My view is I’m an engineer first and foremost and I use the tools which are best for the task at hand. That also means what’s best for the business in terms of others working on the project, this has meant python with some sort of framework.

People have suggested using other languages that might be faster but the business always choices what’s best for everyone to work with.

petersellers|8 months ago

> it’s always been done in that ENVs python shell .

What if you don't have an environment set up? I'm admittedly not a python expert by any means but that's always been a pain point for me. uvx makes that so much easier.

kinow|8 months ago

I wrote PHP/JS/Java before Python.
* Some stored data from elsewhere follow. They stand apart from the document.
(* Let $\mathbf{H}$ be a hyperplane in $\mathbb{R}^n$ whose $\beta$-neighborhood contains a subset $S$ of vertices of $\{-1,1\}^n$ with $|S|=\alpha\cdot 2^n$. Then there exists a hyperplane which passes through all the points of $\{-1,1\}^n\cup\{0,1\}^n$ that are contained in the $\beta$-neighborhood of $\mathbf{H}$, provided that $$0\le\beta\le\Big((2/\alpha)\cdot n^{5+\lfloor\log(n/\alpha)\rfloor}\cdot(2+\lfloor\log(n/\alpha)\rfloor)!\Big)^{-1}.$$
   Context: The $\beta$-neighborhood of a hyperplane $\mathbf{H}$ in $\mathbb{R}^n$ is the set of points at Euclidean distance at most $\beta$ from $\mathbf{H}$. Logarithms are base 2. *)

theory Defs
  imports "HOL-Analysis.Analysis"
begin

definition is_hyperplane :: "(real ^ 'n) set \<Rightarrow> bool" where
  "is_hyperplane H \<longleftrightarrow> (\<exists>a b. a \<noteq> 0 \<and> H = {x. a \<bullet> x = b})"

definition neighborhood :: "(real ^ 'n) set \<Rightarrow> real \<Rightarrow> (real ^ 'n) set" where
  "neighborhood H \<beta> = {x. infdist x H \<le> \<beta>}"

definition cube_pm :: "(real ^ 'n) set" where
  "cube_pm = {x. \<forall>i. x $ i = -1 \<or> x $ i = 1}"

definition cube01 :: "(real ^ 'n) set" where
  "cube01 = {x. \<forall>i. x $ i = 0 \<or> x $ i = 1}"

end

theory Submission
  imports Defs
begin
(* Suppose Assumptions 1 and 2 hold, $J_0\ne\emptyset$, and Condition (L) holds for all $j=1,\dots,q$. Let $$\mathcal A=\Big\{\Big\|f-\sum_{j\in J_0}\Pi_{V_j}f_j\Big\|_n^2\le 2c'(1-\rho_{q^*}^2)\kappa\Big\}.$$ Then $\mathbb P(\mathcal A^c)\le\exp\big(-\tfrac{3}{16}\tfrac{n}{d_{q^*}}\big)$.
   Context: Let $q\ge1$ and let $(Y,X)$ be a pair of random variables with $X=(X_1,\dots,X_q)^T$, each $X_j$ real-valued, and $Y=\sum_{j=1}^q f_j(X_j)+\epsilon$, where $f_j\in L^2(\mathbb P^{X_j})$, $\mathbb E[f_j(X_j)]=0$ for $j=1,\dots,q-1$, and $\epsilon$ is a centered Gaussian variable with variance $\sigma^2$, independent of $X$. Write $f(x)=\sum_{j=1}^qf_j(x_j)$. The space $L^2(\mathbb P^X)$ carries the inner product $\langle g,h\rangle=\mathbb E[g(X)h(X)]$ and norm $\|g\|=\langle g,g\rangle^{1/2}$. Let $H_q=L^2(\mathbb P^{X_q})$ and $H_j=\{h\in L^2(\mathbb P^{X_j}):\mathbb E[h(X_j)]=0\}$ for $j<q$, viewed as subspaces of $L^2(\mathbb P^X)$ via $x\mapsto h(x_j)$; for $J\subseteq\{1,\dots,q\}$ let $H_J=\sum_{j\in J}H_j$ (with $H_\emptyset=\{0\}$). Let $J_0=\{j:\|f_j\|>0\}$, $s=|J_0|$, and let $q^*$ be an integer with $s\le q^*$. Let $\rho_{q^*}$ be the supremum of $\langle h_1,h_2\rangle/(\|h_1\|\|h_2\|)$ over all nonzero $h_1\in H_{J_1}$, $h_2\in H_{J_2}$ and all $J_1,J_2\subseteq\{1,\dots,q\}$ with $J_1\cap J_2=\emptyset$ and $|J_1|,|J_2|\le q^*$. Assumption 1 is the condition $\rho_{q^*}<1$. $\kappa=\min_{\emptyset\neq J\subseteq J_0}\|\sum_{j\in J}f_j\|^2$. $\epsilon'_{q^*}$ is a positive number such that $\|\sum_{j\in J}g_j\|^2\le(1+\epsilon'_{q^*})\sum_{j\in J}\|g_j\|^2$ for all $J$ with $|J|\le q^*$ and all $g_j\in H_j$. Assumption 2: each $X_j$ takes values in $[0,1]$ and has a density $p_j$ with respect to Lebesgue measure with $c\le p_j\le 1/c$ for a constant $c>0$, and $f_j\in\tilde W_j(\alpha_j,K_j)=\{\sum_{k\ge1}\theta_k\phi_k:\sum_{k\ge1}(2\pi k)^{2\alpha_j}(\theta_{2k}^2+\theta_{2k+1}^2)\le K_j^2\}$ with $\alpha_j>1/2$, $K_j>0$, where $\phi_1=1$, $\phi_{2k}(x)=\sqrt2\cos(2\pi kx)$, $\phi_{2k+1}(x)=\sqrt2\sin(2\pi kx)$, $k\ge1$, on $[0,1]$. Given integers $m_j\ge1$, $V_j$ is the intersection of $H_j$ with the linear span of $\phi_1(x_j),\dots,\phi_{m_j}(x_j)$; $V_J=\sum_{j\in J}V_j$, $d_J=\dim V_J$, $d_l=\max_{|J|=l}d_J$; $\Pi_{V_j}$ is the orthogonal projection of $L^2(\mathbb P^X)$ onto $V_j$. $C_j>0$ denotes a constant depending only on $\alpha_j$ and $c$ such that $\|h-\Pi_{V_j}h\|^2\le C_jK_j^2m_j^{-2\alpha_j}$ and $\|h-\Pi_{V_j}h\|_\infty^2\le C_jK_j^2m_j^{1-2\alpha_j}$ for all $h\in\tilde W_j(\alpha_j,K_j)\cap H_j$ and all $m_j\ge1$. Condition (L): $m_j\ge\big(C_jK_j^2q^*(1+\epsilon'_{q^*})/(c'(1-\rho_{q^*}^2)\kappa)\big)^{1/(2\alpha_j)}$, where $c'\in(0,1)$ is a constant. The data $(Y^i,X^i)$, $i=1,\dots,n$, are independent copies of $(Y,X)$. The empirical norm is $\|h\|_n^2=\frac1n\sum_{i=1}^nh(X^i)^2$. *)

theory Defs
  imports "HOL-Probability.Probability"
begin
Been doing Python for nearly a decade too, and like 4dregress haven't had the need to worry much about dep management. JS and PHP had all sorts of issues, Maven & Gradle are still the ones that gave me less trouble. With Python I found that most issues could be fixed by finding the PEP that implemented what I needed, and by trying to come up with a simple workflow & packaging strategy.

Nowadays I normally use `python venv/bin/<some-executable>`, or `conda run -n <some-env> <some-executable>`, or packaged it in a Singularity container. And even though I hear a lot of good things about uv, given that my job uses public money for research, we try to use open source and standards as much as possible. My understanding is that uv is still backed by a company, and at least when I checked it some time ago (in peps discussions & GH issues) they were no implementing the PEPs that I needed -- even if they did, we would probably still stay with simple pip/setuptools to avoid having to use research budget to update our build if the company ever changed its business model (e.g. what anaconda did some months/year? ago).

Digressing: the Singularity container is useful for research & HPC too, as it creates a single archive, which is faster to load on distributed filesystems like the two I work on (GPFS & LustreFS) instead of loading many small files over network.

arcanemachiner|8 months ago

Create a virtual environment:

python3 -m venv venv

Activate the virtual environment:

source venv/bin/activate

Deactivate the virtual environment:

deactivate

linsomniac|8 months ago

I've been a python dev for nearly 3 decades and feel that uv is removing a lot of the rough edges around dependency management. So maybe "problem" is the wrong word; I've been able to solve dependency management issues usually without too much trouble, I have also spent a significant amount of time dealing with them. For close to a decade I was managing other peoples Python environments on production systems, and that was a big mess, especially with trying to ensure that they stayed updated and secure.

If you don't see what the fuss is about, I'm happy for you. Sounds like you're living in a fairly isolated environment. But I can assure you that uv is worth a lot of fussing about, it's making a lot of our lives a lot easier.

mmcnl|8 months ago

Virtual environments alone are not enough. They don't guarantee deterministic builds. What do you do to ensure that your production environment runs the same code as your local dev environment? How do you solve that problem without dependency managers like uv or poetry?

bjornasm|8 months ago

So if you have a big project that is 4 years old and you are going to run it in a new .venv, what do you do?